# Female Inspirations



## ElleMac (Sep 20, 2011)

Hello Rachael, and everyone else!

I thought it might be fun for the ladies to post photos of who their main inspirations are.

I've got a few on my phone so here you go,


----------



## EXTREME (Aug 5, 2005)

Some of the best female bodybuilders in my mind;

Amy Fahdli

View attachment 4465


Cory Everson

View attachment 4466


Debbie Kruck

View attachment 4467


The Brazilian who won the 2011 NABBA Miss Toned Figure Class.

View attachment 4468


----------



## ElleMac (Sep 20, 2011)

That last photo of the toned figure athlete is inspiring!


----------



## EXTREME (Aug 5, 2005)

I always thought the first 3 to be the epitomy of female bodybuilding with the 4th being where the sport should be now.


----------



## XL BODIES LTD (Nov 25, 2005)

Extreme said:


> I always thought the first 3 to be the epitomy of female bodybuilding with the 4th being where the sport should be now.

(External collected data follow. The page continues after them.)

lemma banach_density_approx:
  fixes A :: "'a::group_add set"
  assumes am: "amenable TYPE('a)" and "finite H" "\<epsilon> > 0" "\<delta> > 0"
  shows "\<exists>K. invariant H \<epsilon> K \<and> (banach_density A - \<delta>) * real (card K) \<le> real (card (A \<inter> K))"
proof -
  define S where "S = {\<alpha>. \<forall>H. finite H \<longrightarrow> (\<forall>\<epsilon>>0. \<exists>K. invariant H \<epsilon> K \<and>
       real (card (A \<inter> K)) / real (card K) \<ge> \<alpha>)}"
  have "0 \<in> S" using am unfolding S_def amenable_def by auto
  moreover have "banach_density A - \<delta> < Sup S"
    using \<open>\<delta> > 0\<close> unfolding banach_density_def S_def by simp
  ultimately obtain \<gamma> where "\<gamma> \<in> S" and \<gamma>: "banach_density A - \<delta> < \<gamma>"
    using less_cSupE by blast
  then obtain K where K: "invariant H \<epsilon> K" "\<gamma> \<le> real (card (A \<inter> K)) / real (card K)"
    using assms unfolding S_def by blast
  have "card K > 0" using K(1) invariant_card_pos by blast
  then have "\<gamma> * real (card K) \<le> real (card (A \<inter> K))" using K(2) by (simp add: le_divide_eq)
  moreover have "(banach_density A - \<delta>) * real (card K) \<le> \<gamma> * real (card K)"
    using \<gamma> by (intro mult_right_mono) auto
  ultimately show ?thesis using K(1) by fastforce
qed

lemma banach_density_le_1:
  fixes A :: "'a::group_add set"
  assumes am: "amenable TYPE('a)"
  shows "banach_density A \<le> 1"
proof (rule ccontr)
  define \<delta> where "\<delta> = (banach_density A - 1) / 2"
  assume "\<not> banach_density A \<le> 1"
  then have "\<delta> > 0" and "banach_density A - \<delta> > 1" by (auto simp: \<delta>_def field_simps)
  then obtain K where K: "invariant {} 1 K"
      "(banach_density A - \<delta>) * real (card K) \<le> real (card (A \<inter> K))"
    using banach_density_approx[OF am, of "{}" 1 \<delta> A] by auto
  have "finite K" "card K > 0" using K(1) invariant_card_pos by blast+
  then have "card (A \<inter> K) \<le> card K" by (intro card_mono) auto
  moreover have "real (card K) < (banach_density A - \<delta>) * real (card K)"
    using \<open>card K > 0\<close> \<open>banach_density A - \<delta> > 1\<close> by simp
  ultimately show False using K(2) by linarith
qed

section \<open>Fibres and the averaging lemma\<close>

text \<open>The fibre of x: all e \<in> A with -e + x \<in> B, i.e. all ways of writing x \<in> A + B.\<close>

definition fibre :: "'a::group_add set \<Rightarrow> 'a set \<Rightarrow> 'a \<Rightarrow> 'a set" where
  "fibre A B x = {e \<in> A. -e + x \<in> B}"

lemma mem_translate_iff: "x \<in> (+) e ` B \<longleftrightarrow> -e + x \<in> (B :: 'a::group_add set)"
  by (auto simp: image_iff add.assoc[symmetric] intro: bexI[of _ "-e + x"])

lemma fibre_double_count:
  assumes "finite K" "finite L"
  shows "(\<Sum>x\<in>L. real (card (fibre A B x \<inter> K))) = (\<Sum>e\<in>A \<inter> K. real (card ((+) e ` B \<inter> L)))"
proof -
  have "(\<Sum>x\<in>L. real (card (fibre A B x \<inter> K))) = (\<Sum>x\<in>L. \<Sum>e\<in>A \<inter> K. of_bool (-e + x \<in> B))"
  proof (rule sum.cong[OF refl])
    fix x
    have "fibre A B x \<inter> K = (A \<inter> K) \<inter> {e. -e + x \<in> B}" by (auto simp: fibre_def)
    then show "real (card (fibre A B x \<inter> K)) = (\<Sum>e\<in>A \<inter> K. of_bool (-e + x \<in> B))"
      using assms by simp
  qed
  also have "\<dots> = (\<Sum>e\<in>A \<inter> K. \<Sum>x\<in>L. of_bool (-e + x \<in> B))" by (rule sum.swap)
  also have "\<dots> = (\<Sum>e\<in>A \<inter> K. real (card ((+) e ` B \<inter> L)))"
    using assms by (simp add: mem_translate_iff Int_def conj_commute)
  finally show ?thesis .
qed

lemma product_error_bound:
  fixes \<alpha> \<beta> t \<eta> :: real
  assumes "\<alpha> \<le> 1" "\<beta> \<le> 1" "t > 0" "3 * t \<le> \<eta>"
  shows "\<alpha> * \<beta> - \<eta> \<le> (\<alpha> - t) * (\<beta> - 2*t)"
proof -
  have "(\<alpha> - t) * (\<beta> - 2*t) = \<alpha>*\<beta> - 2*\<alpha>*t - \<beta>*t + 2*t*t" by (simp add: algebra_simps)
  moreover have "2*\<alpha>*t \<le> 2*t" "\<beta>*t \<le> t" "0 \<le> t*t" using assms by auto
  ultimately show ?thesis using assms(4) by linarith
qed

lemma exists_above_average:
  fixes f :: "'b \<Rightarrow> real"
  assumes "finite L" "L \<noteq> {}" "real (card L) * m \<le> (\<Sum>x\<in>L. f x)"
  shows "\<exists>x\<in>L. m \<le> f x"
proof (rule ccontr)
  assume "\<not> ?thesis"
  then have "(\<Sum>x\<in>L. f x) < (\<Sum>x\<in>L. m)"
    using assms(1,2) by (intro sum_strict_mono) (auto simp: not_le)
  with assms(3) show False by simp
qed

text \<open>Take K almost invariant with A dense in K, then L almost invariant under K
  with B dense in L; each e + B (e \<in> A \<inter> K) is dense in L, and averaging the
  double count over x \<in> L yields a good fibre.\<close>

lemma large_fibre:
  fixes A B :: "'a::group_add set"
  assumes am: "amenable TYPE('a)" and ab: "banach_density A > 0" "banach_density B > 0"
    and "\<eta> > 0" "finite H"
  shows "\<exists>x K. invariant H \<eta> K \<and>
           (banach_density A * banach_density B - \<eta>) * real (card K) \<le> real (card (fibre A B x \<inter> K))"
proof -
  define \<alpha> \<beta> where "\<alpha> = banach_density A" and "\<beta> = banach_density B"
  define t where "t = min (\<eta>/3) (\<beta>/4)"
  have t: "t > 0" "3 * t \<le> \<eta>" "2 * t \<le> \<beta>" using ab \<open>\<eta> > 0\<close> by (auto simp: t_def \<beta>_def)
  obtain K where K: "invariant H t K" "(\<alpha> - t) * real (card K) \<le> real (card (A \<inter> K))"
    using banach_density_approx[OF am \<open>finite H\<close> t(1) t(1)] unfolding \<alpha>_def by blast
  have Kp: "finite K" using K(1) invariant_card_pos by blast
  obtain L where L: "invariant K t L" "(\<beta> - t) * real (card L) \<le> real (card (B \<inter> L))"
    using banach_density_approx[OF am Kp t(1) t(1)] unfolding \<beta>_def by blast
  have Lp: "finite L" "card L > 0" using L(1) invariant_card_pos by blast+
  have each: "(\<beta> - 2*t) * real (card L) \<le> real (card ((+) e ` B \<inter> L))" if "e \<in> A \<inter> K" for e
    using invariant_translate_density[OF L(1), of e B] L(2) that by (simp add: Int_commute algebra_simps)
  have "real (card (A \<inter> K)) * ((\<beta> - 2*t) * real (card L)) \<le> (\<Sum>x\<in>L. real (card (fibre A B x \<inter> K)))"
    using sum_mono[OF each, of "A \<inter> K"] fibre_double_count[OF Kp Lp(1), of A B] by simp
  moreover have "((\<alpha> - t) * real (card K)) * ((\<beta> - 2*t) * real (card L))
                   \<le> real (card (A \<inter> K)) * ((\<beta> - 2*t) * real (card L))"
    using K(2) t by (intro mult_right_mono) auto
  moreover have "\<alpha> * \<beta> - \<eta> \<le> (\<alpha> - t) * (\<beta> - 2*t)"
    using banach_density_le_1[OF am] t by (intro product_error_bound) (auto simp: \<alpha>_def \<beta>_def)
  then have "((\<alpha>*\<beta> - \<eta>) * real (card K)) * real (card L)
               \<le> ((\<alpha> - t) * real (card K)) * ((\<beta> - 2*t) * real (card L))"
    using mult_right_mono[of "\<alpha> * \<beta> - \<eta>" "(\<alpha> - t) * (\<beta> - 2*t)" "real (card K) * real (card L)"]
    by (simp add: algebra_simps)
  ultimately have avg: "real (card L) * ((\<alpha>*\<beta> - \<eta>) * real (card K))
                          \<le> (\<Sum>x\<in>L. real (card (fibre A B x \<inter> K)))"
    by (simp add: algebra_simps)
  then have "\<exists>x\<in>L. (\<alpha>*\<beta> - \<eta>) * real (card K) \<le> real (card (fibre A B x \<inter> K))"
    using Lp by (intro exists_above_average) auto
  moreover have "invariant H \<eta> K" using invariant_mono[OF K(1)] t by auto
  ultimately show ?thesis unfolding \<alpha>_def \<beta>_def by blast
qed

section \<open>Packing sets\<close>

definition disjoint_translates :: "'a::group_add set \<Rightarrow> 'a set \<Rightarrow> bool" where
  "disjoint_translates F E \<longleftrightarrow> (\<forall>f\<in>F. \<forall>g\<in>F. f \<noteq> g \<longrightarrow> (+) f ` E \<inter> (+) g ` E = {})"

definition dense_fibre :: "'a::group_add set \<Rightarrow> 'a set \<Rightarrow> real \<Rightarrow> 'a set \<Rightarrow> real \<Rightarrow> 'a \<Rightarrow> 'a set \<Rightarrow> bool" where
  "dense_fibre A B c H \<eta> x K \<longleftrightarrow>
     invariant H \<eta> K \<and> (c - \<eta>) * real (card K) \<le> real (card (fibre A B x \<inter> K))"

definition packing :: "'a::group_add set \<Rightarrow> 'a set \<Rightarrow> real \<Rightarrow> 'a set \<Rightarrow> bool" where
  "packing A B c F \<longleftrightarrow> (\<forall>\<eta>>0. \<forall>H. finite H \<longrightarrow>
     (\<exists>x K. dense_fibre A B c H \<eta> x K \<and> disjoint_translates F (fibre A B x)))"

lemma dense_fibre_mono:
  "dense_fibre A B c H' \<eta>' x K \<Longrightarrow> H \<subseteq> H' \<Longrightarrow> \<eta>' \<le> \<eta> \<Longrightarrow> dense_fibre A B c H \<eta> x K"
  unfolding dense_fibre_def using invariant_mono
  by (meson diff_left_mono mult_right_mono of_nat_0_le_iff order_trans)

lemma packing_singleton:
  fixes A B :: "'a::group_add set"
  assumes "amenable TYPE('a)" "banach_density A > 0" "banach_density B > 0"
  shows "packing A B (banach_density A * banach_density B) {0}"
  using large_fibre[OF assms]
  unfolding packing_def dense_fibre_def disjoint_translates_def by blast

lemma disjoint_translates_count:
  assumes "disjoint_translates F E" "finite F" "invariant F \<epsilon> K"
  shows "real (card F) * (real (card (E \<inter> K)) - \<epsilon> * real (card K)) \<le> real (card K)"
proof -
  have K: "finite K" using assms(3) invariant_card_pos by blast
  have "real (card (E \<inter> K)) - \<epsilon> * real (card K) \<le> real (card ((+) f ` E \<inter> K))"
    if "f \<in> F" for f
    using invariant_translate_density[OF assms(3) that, of E] by linarith
  then have "real (card F) * (real (card (E \<inter> K)) - \<epsilon> * real (card K))
               \<le> (\<Sum>f\<in>F. real (card ((+) f ` E \<inter> K)))"
    using sum_mono[of F "\<lambda>_. real (card (E \<inter> K)) - \<epsilon> * real (card K)"] by simp
  also have "\<dots> = real (card (\<Union>f\<in>F. (+) f ` E \<inter> K))"
    using assms(1,2) K unfolding disjoint_translates_def
    by (subst card_UN_disjoint) auto
  also have "\<dots> \<le> real (card K)" using K by (intro of_nat_mono card_mono) auto
  finally show ?thesis .
qed

lemma packing_card_bound:
  assumes "packing A B c F" "finite F"
  shows "real (card F) * c \<le> 1"
proof (rule ccontr)
  define n where "n = real (card F)"
  assume "\<not> real (card F) * c \<le> 1"
  then have nc: "n * c > 1" and n: "n > 0" unfolding n_def by (auto intro: gr0I)
  define \<eta> where "\<eta> = (n*c - 1) / (4*n)"
  have "\<eta> > 0" using nc n by (simp add: \<eta>_def)
  then obtain x K where K: "invariant F \<eta> K"
      "(c - \<eta>) * real (card K) \<le> real (card (fibre A B x \<inter> K))"
      "disjoint_translates F (fibre A B x)"
    using assms unfolding packing_def dense_fibre_def by blast
  have "card K > 0" using K(1) invariant_card_pos by blast
  have "(c - 2*\<eta>) * real (card K) \<le> real (card (fibre A B x \<inter> K)) - \<eta> * real (card K)"
    using K(2) by (simp add: algebra_simps)
  then have "n * ((c - 2*\<eta>) * real (card K)) \<le> n * (real (card (fibre A B x \<inter> K)) - \<eta> * real (card K))"
    using n by (intro mult_left_mono) auto
  also have "\<dots> \<le> real (card K)"
    using disjoint_translates_count[OF K(3) assms(2) K(1)] unfolding n_def .
  finally have "n * ((c - 2*\<eta>) * real (card K)) \<le> real (card K)" .
  moreover have "n * (c - 2*\<eta>) = (n*c + 1) / 2" using n by (simp add: \<eta>_def field_simps)
  ultimately have "(n*c + 1) / 2 * real (card K) \<le> 1 * real (card K)"
    by (simp add: mult.assoc[symmetric])
  then have "(n*c + 1) / 2 \<le> 1" using \<open>card K > 0\<close> by (simp only: mult_le_cancel_right)
  with nc show False by simp
qed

Dougie 'OLD SCHOOL' Black lmao


----------



## EXTREME (Aug 5, 2005)

I'd go to any school with that first 3 i included!


----------



## XL BODIES LTD (Nov 25, 2005)

Extreme said:


> I'd go to any school with that first 3 i included!


Well your Old enough to have gone to school with all 3 lol

Theres many of us 'Old Timers' that had wet dreams over them 3, my choice was Cory mmmmm!


----------



## MMUK (Mar 15, 2006)

I don't think any of us would complain if we were waking up with a bikini or figure competitor nowadays, they are all gorgeous and sexy.

Have you seen some of the facebook pages like fitness girls, girls with guns, girls with tattoos and curves etc? It's not help if you're having a peek when at work and gets you introuble if caught having a peek at home either!


----------



## ElleMac (Sep 20, 2011)

It's purely for appreciation of their hard work, however ;-)


----------



## kezza100 (Feb 2, 2013)

just joined and seeing them pics must admit you wonna push harder.


----------



## ElleMac (Sep 20, 2011)

You're only going to ever look like "you", if that makes sense, but I use visualisation ALL the time. Especially when I train. It's very powerful!


----------



## gingernut (Dec 11, 2006)

Dana Linn Bailey got second place in the Physique class at the IFBB Tampa show yesterday. She's made big improvements on her legs and definitely a figure I'm aspiring to achieve myself. I also like the fact she's not had breast implants.


----------



## Ben_Dover (Apr 12, 2012)

I like DLB


----------